WHAT YOU ARE ASKED TO DO :: Using the data below, return the stretch from the line that contains "as the scalar" through the line that contains "text \<open>The coefficient", both included, exactly as it stands and nothing beyond it.

START SUPPLIED RECORDS

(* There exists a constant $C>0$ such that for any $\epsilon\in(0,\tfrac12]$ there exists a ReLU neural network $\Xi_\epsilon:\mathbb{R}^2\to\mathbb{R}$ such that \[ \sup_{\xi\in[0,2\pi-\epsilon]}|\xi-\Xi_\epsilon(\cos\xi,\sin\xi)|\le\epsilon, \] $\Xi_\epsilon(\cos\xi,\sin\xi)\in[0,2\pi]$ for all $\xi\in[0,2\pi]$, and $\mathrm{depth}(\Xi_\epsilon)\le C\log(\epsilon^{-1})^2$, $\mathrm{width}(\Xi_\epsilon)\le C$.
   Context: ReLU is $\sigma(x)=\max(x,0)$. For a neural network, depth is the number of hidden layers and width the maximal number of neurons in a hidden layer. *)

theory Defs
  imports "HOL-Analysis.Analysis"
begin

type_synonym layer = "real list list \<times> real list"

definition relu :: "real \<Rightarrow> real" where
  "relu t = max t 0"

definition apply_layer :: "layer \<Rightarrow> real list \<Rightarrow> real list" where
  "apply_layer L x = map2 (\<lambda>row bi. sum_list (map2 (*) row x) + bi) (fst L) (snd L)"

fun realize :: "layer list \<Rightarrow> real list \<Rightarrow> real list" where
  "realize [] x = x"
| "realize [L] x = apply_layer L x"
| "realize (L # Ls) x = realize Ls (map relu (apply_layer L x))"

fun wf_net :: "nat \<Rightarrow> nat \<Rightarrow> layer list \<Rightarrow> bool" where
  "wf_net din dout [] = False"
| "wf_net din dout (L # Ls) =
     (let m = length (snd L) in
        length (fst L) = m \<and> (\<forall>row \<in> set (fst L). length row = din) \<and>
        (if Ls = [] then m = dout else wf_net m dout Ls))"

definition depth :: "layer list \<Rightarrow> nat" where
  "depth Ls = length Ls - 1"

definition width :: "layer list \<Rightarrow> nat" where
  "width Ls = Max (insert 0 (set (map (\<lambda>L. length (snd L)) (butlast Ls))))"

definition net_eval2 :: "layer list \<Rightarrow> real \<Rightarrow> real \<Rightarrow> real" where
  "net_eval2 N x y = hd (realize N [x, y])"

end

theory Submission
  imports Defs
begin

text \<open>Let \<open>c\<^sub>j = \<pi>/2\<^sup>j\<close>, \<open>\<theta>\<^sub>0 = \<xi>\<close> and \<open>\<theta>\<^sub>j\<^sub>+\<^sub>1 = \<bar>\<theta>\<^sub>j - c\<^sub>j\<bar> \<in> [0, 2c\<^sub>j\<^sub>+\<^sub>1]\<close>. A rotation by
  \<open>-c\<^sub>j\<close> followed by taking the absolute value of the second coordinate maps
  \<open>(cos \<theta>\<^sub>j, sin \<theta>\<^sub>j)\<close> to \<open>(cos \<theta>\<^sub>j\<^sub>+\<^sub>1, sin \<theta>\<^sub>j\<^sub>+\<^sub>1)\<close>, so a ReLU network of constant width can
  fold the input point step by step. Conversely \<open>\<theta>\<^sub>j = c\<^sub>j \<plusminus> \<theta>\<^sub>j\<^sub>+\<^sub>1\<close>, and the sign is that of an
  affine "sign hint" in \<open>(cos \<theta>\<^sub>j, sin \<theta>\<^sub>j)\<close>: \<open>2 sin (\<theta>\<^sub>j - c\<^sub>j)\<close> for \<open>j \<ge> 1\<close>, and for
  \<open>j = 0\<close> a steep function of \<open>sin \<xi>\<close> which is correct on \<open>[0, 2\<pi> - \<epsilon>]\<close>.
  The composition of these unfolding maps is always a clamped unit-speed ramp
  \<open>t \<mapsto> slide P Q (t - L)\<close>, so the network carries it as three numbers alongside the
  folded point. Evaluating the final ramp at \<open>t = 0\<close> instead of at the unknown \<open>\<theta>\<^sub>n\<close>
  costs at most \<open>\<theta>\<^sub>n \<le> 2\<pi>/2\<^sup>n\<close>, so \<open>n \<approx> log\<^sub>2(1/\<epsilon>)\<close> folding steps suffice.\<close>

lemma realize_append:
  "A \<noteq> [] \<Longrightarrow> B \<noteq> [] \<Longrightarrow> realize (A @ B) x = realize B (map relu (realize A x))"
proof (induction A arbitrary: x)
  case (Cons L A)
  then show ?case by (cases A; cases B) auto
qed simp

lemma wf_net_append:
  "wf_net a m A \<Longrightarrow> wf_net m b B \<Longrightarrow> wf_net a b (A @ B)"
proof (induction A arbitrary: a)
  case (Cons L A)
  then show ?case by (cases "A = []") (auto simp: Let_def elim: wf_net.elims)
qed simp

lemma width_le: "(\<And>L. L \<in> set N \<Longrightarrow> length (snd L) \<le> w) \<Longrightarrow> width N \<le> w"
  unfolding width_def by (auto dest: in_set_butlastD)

END SUPPLIED RECORDS
START SUPPLIED RECORDS

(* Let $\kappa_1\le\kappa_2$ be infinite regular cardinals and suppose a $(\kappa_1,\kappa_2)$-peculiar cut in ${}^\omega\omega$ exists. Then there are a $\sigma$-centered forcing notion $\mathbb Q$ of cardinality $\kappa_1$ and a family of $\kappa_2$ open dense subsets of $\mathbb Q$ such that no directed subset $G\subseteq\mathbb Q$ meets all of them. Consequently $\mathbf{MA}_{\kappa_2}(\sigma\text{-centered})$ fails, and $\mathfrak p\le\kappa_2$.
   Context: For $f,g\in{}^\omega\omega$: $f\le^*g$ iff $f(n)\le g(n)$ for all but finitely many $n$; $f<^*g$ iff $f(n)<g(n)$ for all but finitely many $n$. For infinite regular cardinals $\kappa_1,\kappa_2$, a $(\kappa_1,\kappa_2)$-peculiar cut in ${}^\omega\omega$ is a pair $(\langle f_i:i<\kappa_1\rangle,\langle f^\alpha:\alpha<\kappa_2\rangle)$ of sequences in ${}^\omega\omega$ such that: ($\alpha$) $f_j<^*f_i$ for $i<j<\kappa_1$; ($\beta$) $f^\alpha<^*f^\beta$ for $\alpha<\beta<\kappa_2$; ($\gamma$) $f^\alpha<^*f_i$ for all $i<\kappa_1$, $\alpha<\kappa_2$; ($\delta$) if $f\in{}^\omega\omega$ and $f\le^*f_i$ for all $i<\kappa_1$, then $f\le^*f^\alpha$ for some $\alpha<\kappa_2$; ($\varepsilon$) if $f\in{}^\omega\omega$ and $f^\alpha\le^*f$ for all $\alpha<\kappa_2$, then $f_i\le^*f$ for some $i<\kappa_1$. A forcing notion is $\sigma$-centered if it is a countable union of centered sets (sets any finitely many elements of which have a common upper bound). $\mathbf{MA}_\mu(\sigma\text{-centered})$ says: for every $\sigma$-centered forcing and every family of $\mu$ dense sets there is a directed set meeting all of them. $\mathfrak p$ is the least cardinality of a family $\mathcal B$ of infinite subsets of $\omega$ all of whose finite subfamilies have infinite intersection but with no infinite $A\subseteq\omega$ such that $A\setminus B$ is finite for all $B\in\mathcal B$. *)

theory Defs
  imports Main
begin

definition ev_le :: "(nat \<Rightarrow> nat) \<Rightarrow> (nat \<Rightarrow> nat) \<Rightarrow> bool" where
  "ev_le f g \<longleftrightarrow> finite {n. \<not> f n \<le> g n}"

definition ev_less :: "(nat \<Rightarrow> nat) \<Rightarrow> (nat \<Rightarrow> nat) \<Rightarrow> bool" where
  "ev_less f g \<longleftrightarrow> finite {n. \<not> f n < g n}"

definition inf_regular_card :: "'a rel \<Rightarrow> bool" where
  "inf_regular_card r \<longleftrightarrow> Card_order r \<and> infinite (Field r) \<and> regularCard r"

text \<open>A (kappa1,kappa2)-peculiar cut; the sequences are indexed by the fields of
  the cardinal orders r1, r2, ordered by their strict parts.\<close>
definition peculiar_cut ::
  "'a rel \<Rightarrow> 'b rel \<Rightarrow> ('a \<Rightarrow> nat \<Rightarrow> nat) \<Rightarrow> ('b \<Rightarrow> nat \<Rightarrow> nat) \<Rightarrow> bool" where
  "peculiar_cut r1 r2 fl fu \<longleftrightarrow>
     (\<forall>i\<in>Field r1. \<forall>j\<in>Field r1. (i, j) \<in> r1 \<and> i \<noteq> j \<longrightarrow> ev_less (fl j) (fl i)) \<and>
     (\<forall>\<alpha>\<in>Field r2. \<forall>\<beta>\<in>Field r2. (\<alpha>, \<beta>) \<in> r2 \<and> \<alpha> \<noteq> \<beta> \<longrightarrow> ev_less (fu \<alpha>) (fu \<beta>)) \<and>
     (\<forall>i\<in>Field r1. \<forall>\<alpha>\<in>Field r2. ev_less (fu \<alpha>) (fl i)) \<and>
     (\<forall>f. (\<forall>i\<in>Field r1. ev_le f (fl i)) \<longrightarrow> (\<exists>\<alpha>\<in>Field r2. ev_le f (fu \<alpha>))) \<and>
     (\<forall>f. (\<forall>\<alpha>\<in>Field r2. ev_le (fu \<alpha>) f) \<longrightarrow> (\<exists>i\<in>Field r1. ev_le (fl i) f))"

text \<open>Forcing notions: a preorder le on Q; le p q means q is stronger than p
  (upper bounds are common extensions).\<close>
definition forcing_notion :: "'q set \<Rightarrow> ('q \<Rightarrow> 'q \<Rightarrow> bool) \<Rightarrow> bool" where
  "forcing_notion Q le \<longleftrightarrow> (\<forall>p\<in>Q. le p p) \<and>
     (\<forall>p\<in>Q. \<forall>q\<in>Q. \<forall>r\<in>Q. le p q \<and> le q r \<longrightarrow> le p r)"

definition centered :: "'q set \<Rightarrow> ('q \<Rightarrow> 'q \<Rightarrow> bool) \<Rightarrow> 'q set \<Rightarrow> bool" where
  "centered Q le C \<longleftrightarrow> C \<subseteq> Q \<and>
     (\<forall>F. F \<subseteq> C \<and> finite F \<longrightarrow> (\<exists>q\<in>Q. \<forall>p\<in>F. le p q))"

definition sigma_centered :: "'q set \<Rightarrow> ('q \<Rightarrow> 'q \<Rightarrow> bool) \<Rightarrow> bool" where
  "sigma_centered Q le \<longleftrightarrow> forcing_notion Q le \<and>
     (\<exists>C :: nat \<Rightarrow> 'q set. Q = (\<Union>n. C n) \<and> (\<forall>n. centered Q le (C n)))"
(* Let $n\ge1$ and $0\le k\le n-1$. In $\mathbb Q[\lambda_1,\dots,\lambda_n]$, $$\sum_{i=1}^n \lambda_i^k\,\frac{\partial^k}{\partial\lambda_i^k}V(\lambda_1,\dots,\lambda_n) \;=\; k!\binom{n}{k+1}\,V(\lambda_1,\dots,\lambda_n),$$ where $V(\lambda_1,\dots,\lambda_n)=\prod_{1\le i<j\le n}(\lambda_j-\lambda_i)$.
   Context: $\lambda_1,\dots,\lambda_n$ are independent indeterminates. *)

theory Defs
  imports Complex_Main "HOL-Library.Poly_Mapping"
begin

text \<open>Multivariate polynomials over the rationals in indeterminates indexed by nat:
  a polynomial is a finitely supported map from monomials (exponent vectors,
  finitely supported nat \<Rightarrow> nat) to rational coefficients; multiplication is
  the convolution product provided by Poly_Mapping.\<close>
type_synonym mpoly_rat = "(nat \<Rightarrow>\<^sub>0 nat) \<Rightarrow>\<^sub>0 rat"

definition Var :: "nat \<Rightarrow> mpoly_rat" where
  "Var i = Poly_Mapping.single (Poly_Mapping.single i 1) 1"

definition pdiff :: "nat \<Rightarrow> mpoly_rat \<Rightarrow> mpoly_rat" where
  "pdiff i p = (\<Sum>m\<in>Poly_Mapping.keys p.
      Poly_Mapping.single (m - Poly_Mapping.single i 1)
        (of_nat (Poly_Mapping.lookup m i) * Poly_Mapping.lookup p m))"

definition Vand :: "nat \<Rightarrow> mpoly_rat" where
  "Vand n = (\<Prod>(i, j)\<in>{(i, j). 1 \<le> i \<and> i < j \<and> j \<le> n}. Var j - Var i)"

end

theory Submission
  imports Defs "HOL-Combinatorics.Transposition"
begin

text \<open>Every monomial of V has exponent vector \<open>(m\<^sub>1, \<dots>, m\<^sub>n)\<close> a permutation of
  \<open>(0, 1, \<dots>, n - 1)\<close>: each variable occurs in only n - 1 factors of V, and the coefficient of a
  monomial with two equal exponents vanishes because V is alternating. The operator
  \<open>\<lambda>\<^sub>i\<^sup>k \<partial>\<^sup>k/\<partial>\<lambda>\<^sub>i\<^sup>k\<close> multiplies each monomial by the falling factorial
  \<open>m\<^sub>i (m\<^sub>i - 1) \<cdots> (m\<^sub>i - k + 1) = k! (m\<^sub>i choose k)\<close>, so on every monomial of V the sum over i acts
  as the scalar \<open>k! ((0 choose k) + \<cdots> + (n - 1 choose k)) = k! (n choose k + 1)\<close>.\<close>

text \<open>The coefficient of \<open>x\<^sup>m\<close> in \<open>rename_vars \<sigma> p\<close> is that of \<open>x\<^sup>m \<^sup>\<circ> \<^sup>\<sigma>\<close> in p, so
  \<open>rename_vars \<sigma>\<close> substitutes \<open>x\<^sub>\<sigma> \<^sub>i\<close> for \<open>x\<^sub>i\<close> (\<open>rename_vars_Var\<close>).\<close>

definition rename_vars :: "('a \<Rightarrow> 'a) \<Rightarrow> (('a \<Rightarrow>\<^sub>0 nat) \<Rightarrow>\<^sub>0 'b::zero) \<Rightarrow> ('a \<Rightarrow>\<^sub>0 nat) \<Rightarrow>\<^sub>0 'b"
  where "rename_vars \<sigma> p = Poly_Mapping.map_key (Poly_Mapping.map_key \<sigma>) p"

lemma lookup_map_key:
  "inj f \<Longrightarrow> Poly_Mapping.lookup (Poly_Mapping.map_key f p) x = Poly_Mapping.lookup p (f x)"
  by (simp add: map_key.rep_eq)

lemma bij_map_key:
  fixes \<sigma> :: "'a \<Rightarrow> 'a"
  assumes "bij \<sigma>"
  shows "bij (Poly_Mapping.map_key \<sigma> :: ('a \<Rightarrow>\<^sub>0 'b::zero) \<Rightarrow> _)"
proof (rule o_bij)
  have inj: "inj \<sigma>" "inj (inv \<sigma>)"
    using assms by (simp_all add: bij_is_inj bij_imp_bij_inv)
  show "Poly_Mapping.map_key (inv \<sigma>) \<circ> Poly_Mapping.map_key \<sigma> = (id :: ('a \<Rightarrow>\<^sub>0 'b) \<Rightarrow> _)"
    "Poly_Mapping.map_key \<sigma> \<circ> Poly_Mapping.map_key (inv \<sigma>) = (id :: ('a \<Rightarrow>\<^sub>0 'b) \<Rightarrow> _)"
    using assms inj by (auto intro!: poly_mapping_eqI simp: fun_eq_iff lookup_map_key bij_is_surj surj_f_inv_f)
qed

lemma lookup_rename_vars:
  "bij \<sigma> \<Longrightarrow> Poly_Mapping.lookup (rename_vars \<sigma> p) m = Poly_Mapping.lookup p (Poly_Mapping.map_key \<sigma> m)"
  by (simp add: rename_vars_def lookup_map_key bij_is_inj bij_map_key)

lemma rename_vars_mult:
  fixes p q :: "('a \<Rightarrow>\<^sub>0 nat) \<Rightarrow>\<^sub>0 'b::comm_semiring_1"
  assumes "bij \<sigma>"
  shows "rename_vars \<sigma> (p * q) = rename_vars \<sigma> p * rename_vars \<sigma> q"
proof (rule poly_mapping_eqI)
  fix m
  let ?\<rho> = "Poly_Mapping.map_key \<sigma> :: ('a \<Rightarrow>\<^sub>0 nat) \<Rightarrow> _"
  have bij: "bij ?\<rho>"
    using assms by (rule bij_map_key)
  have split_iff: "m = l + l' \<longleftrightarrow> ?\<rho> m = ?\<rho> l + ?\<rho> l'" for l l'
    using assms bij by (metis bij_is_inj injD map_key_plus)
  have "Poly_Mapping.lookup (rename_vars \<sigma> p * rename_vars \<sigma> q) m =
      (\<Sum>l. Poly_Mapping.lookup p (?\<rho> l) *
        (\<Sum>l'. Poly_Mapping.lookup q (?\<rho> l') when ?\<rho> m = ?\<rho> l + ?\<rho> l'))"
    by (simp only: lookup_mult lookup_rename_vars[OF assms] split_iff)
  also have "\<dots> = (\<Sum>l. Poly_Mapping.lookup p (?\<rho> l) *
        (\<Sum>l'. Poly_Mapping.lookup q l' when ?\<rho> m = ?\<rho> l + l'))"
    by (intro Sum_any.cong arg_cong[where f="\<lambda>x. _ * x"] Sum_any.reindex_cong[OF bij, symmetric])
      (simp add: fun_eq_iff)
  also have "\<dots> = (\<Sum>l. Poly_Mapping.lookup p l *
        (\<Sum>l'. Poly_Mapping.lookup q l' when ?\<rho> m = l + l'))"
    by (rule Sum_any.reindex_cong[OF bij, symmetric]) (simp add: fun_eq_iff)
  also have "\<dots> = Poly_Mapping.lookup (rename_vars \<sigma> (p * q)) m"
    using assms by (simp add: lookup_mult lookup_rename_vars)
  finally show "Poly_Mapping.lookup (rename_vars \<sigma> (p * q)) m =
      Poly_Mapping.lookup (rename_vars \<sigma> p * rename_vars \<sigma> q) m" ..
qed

END SUPPLIED RECORDS

COMPLETED TASK ::
  as the scalar \<open>k! ((0 choose k) + \<cdots> + (n - 1 choose k)) = k! (n choose k + 1)\<close>.\<close>

text \<open>The coefficient of \<open>x\<^sup>m\<close> in \<open>rename_vars \<sigma> p\<close> is that of \<open>x\<^sup>m \<^sup>\<circ> \<^sup>\<sigma>\<close> in p, so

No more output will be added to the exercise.